(What you will do) Work out the count of lines in the entries below that include "longleftrightarrow", and write only that count.
BEGIN Supplied material
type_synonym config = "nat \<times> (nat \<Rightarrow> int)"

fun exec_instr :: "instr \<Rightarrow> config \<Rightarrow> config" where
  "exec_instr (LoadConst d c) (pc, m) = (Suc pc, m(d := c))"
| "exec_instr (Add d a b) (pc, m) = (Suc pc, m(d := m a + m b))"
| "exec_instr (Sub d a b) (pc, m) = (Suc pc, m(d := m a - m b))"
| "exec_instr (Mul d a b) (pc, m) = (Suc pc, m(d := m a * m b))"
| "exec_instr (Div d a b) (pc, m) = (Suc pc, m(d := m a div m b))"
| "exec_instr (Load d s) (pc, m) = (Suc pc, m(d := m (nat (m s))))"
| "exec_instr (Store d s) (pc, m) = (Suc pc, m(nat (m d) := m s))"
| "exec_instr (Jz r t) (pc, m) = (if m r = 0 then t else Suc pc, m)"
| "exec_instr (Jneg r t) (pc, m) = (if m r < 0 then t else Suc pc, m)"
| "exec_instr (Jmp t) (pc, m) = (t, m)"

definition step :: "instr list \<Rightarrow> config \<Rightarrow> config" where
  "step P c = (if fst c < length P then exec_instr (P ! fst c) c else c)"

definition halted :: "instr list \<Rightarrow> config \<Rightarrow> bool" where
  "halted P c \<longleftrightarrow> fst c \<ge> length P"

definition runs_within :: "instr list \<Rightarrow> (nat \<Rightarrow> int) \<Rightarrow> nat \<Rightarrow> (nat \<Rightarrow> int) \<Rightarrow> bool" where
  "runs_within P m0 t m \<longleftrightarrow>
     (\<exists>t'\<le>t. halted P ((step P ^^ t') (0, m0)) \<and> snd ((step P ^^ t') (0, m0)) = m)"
END Supplied material
BEGIN Supplied material
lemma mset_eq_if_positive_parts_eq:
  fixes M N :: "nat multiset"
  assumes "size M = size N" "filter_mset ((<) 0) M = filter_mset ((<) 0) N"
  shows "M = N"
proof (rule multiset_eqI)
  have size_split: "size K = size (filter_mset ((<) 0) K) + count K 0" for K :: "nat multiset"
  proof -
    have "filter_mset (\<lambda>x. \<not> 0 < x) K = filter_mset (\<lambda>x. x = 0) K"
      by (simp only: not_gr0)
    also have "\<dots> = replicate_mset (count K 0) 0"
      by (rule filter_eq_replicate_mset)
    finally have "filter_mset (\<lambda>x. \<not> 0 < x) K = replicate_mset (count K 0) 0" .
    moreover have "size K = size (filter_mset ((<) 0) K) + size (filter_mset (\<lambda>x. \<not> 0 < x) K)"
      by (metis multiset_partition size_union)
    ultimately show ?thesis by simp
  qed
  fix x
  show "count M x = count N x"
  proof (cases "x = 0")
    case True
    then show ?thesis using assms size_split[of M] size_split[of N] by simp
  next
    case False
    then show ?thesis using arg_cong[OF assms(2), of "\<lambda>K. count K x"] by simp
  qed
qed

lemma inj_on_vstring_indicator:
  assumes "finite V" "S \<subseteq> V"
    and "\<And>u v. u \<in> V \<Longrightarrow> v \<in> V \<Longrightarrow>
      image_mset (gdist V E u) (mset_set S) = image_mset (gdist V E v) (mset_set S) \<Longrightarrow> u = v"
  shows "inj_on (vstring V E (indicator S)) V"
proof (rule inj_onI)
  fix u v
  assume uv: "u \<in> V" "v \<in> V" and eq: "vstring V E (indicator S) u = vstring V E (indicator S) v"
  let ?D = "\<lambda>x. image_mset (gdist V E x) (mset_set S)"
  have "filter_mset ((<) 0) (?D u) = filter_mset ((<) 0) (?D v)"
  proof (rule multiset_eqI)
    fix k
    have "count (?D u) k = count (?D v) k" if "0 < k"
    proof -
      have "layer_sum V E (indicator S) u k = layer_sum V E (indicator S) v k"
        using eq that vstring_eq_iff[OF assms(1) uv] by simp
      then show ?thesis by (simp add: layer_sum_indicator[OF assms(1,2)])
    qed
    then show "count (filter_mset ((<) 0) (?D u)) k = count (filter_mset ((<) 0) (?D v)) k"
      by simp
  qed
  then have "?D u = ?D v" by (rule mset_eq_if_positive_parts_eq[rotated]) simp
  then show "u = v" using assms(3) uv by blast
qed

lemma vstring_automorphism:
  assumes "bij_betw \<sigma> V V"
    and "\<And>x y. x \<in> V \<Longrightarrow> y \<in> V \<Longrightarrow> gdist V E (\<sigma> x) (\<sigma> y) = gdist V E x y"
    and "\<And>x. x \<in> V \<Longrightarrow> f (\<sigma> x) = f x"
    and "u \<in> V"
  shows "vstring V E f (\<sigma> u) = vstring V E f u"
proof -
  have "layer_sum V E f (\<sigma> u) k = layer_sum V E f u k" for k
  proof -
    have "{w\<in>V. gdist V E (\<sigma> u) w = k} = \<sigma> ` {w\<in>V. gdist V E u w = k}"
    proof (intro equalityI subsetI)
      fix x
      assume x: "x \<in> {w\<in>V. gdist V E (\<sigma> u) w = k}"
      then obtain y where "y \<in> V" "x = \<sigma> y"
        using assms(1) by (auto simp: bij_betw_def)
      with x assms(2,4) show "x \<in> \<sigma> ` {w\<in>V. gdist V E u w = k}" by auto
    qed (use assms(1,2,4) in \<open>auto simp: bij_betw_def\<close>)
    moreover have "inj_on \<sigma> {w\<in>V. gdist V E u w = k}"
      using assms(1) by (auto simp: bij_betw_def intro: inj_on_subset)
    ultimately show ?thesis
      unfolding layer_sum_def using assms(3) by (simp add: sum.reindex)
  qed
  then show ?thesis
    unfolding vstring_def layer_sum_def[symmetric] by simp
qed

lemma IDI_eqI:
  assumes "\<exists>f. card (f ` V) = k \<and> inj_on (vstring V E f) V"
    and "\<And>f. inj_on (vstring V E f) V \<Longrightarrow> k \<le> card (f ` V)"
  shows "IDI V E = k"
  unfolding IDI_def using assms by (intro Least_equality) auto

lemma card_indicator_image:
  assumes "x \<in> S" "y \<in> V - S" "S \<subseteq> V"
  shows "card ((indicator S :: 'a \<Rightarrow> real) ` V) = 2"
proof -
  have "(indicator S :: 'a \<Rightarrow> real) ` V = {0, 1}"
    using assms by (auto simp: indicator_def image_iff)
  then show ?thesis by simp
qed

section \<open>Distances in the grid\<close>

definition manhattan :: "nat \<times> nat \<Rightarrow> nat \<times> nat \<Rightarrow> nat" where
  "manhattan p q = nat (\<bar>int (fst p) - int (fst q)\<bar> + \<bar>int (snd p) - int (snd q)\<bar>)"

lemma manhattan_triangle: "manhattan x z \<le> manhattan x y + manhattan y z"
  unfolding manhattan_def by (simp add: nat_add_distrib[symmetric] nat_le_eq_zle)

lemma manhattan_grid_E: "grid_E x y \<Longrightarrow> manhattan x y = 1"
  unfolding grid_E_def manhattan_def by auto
END Supplied material
BEGIN Supplied material
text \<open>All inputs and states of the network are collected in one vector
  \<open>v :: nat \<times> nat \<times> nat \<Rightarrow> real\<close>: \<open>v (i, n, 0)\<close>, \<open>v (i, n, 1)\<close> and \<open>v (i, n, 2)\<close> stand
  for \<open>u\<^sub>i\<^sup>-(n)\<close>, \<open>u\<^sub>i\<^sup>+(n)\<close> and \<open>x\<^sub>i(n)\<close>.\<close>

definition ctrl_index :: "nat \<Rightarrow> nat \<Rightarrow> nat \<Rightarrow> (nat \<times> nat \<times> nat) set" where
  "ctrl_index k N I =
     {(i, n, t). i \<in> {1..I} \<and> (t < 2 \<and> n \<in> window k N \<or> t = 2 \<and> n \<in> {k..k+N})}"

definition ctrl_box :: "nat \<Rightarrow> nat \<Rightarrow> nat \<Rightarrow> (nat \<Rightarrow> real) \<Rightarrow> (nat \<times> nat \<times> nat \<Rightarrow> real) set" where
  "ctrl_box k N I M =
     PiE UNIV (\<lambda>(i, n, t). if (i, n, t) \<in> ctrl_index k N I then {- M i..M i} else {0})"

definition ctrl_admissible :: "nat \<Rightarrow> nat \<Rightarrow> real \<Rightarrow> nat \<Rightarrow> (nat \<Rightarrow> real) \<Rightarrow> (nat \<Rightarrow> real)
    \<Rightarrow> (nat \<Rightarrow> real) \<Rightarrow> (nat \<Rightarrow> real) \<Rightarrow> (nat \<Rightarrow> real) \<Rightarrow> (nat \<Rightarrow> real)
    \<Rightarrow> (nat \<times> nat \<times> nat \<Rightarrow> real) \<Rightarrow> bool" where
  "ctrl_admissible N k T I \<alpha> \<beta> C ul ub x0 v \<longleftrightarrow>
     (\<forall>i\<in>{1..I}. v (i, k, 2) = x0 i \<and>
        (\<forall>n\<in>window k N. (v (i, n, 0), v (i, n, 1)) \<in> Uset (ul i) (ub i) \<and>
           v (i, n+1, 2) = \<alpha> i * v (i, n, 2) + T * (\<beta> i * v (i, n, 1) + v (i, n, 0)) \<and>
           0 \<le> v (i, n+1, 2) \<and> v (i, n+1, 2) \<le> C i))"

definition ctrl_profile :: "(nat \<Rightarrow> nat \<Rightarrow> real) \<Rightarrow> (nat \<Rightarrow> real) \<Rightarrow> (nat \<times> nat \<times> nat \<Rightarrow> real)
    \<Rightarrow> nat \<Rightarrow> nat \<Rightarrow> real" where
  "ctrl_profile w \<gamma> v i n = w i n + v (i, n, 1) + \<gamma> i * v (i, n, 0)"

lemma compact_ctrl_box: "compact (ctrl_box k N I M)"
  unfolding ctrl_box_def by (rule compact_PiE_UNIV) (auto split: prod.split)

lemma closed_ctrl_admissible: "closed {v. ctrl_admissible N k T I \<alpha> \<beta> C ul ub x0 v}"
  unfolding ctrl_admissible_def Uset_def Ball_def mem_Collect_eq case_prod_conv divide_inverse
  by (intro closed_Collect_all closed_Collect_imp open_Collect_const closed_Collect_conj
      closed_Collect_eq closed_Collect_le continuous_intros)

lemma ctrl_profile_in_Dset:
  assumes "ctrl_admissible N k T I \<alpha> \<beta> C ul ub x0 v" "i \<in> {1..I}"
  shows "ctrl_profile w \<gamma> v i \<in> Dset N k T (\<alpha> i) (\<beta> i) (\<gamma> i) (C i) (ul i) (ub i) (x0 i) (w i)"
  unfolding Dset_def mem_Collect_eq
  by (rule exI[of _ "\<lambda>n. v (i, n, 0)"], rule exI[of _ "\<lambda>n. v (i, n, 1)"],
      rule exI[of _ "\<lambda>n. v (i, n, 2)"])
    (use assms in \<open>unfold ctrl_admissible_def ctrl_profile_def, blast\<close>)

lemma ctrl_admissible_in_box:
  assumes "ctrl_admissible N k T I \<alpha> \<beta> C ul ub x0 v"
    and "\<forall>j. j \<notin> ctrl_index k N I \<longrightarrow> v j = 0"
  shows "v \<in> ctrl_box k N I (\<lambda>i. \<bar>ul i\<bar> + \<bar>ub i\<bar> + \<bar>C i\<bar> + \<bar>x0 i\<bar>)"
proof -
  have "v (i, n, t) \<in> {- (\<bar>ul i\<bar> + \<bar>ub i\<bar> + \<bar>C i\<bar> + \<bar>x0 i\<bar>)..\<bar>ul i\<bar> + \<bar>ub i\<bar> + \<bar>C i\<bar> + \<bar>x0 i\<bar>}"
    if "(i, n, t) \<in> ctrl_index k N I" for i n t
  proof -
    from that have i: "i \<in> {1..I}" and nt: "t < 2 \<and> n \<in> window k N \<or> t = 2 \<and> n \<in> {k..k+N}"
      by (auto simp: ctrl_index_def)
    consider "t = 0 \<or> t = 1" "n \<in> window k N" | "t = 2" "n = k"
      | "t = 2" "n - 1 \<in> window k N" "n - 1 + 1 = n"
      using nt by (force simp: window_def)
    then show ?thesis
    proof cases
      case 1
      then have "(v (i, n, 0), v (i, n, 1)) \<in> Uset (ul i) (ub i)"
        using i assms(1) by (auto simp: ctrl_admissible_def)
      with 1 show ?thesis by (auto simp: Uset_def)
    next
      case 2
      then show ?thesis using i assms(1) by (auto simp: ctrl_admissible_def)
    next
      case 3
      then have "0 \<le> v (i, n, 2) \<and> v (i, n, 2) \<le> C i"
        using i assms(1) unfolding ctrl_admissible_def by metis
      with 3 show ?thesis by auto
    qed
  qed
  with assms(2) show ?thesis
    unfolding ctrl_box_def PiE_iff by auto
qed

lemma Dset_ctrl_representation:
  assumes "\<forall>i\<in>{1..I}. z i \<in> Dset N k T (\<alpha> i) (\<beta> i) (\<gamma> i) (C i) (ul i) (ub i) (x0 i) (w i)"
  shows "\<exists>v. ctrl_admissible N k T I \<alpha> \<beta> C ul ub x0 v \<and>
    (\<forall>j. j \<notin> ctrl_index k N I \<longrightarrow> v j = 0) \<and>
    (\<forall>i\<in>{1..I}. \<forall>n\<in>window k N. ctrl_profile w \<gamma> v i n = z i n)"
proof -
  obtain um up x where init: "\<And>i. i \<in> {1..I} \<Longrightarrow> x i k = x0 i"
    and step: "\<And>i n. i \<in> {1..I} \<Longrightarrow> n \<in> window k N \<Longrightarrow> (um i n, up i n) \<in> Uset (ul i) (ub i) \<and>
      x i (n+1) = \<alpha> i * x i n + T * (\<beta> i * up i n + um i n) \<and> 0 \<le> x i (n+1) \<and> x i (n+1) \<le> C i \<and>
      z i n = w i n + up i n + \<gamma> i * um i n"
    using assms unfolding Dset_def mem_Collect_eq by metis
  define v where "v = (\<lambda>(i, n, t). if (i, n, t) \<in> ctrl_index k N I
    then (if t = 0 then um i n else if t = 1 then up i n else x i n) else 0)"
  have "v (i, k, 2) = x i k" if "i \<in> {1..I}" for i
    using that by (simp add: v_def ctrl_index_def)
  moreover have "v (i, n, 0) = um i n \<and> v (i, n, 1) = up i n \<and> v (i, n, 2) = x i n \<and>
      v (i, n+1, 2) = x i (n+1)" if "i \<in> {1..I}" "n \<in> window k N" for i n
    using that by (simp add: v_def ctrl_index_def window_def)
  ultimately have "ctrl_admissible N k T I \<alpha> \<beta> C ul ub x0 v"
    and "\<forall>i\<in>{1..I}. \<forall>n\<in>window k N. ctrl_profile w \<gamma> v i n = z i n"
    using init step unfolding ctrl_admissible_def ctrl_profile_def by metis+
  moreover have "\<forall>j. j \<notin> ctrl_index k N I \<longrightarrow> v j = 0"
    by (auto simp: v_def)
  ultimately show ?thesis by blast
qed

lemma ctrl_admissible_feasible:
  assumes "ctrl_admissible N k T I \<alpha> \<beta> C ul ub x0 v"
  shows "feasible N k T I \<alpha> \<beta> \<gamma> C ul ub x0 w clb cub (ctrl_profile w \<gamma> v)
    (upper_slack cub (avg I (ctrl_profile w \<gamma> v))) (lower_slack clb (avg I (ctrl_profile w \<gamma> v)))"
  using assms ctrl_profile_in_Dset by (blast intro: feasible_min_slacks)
END Supplied material
(Reply) 3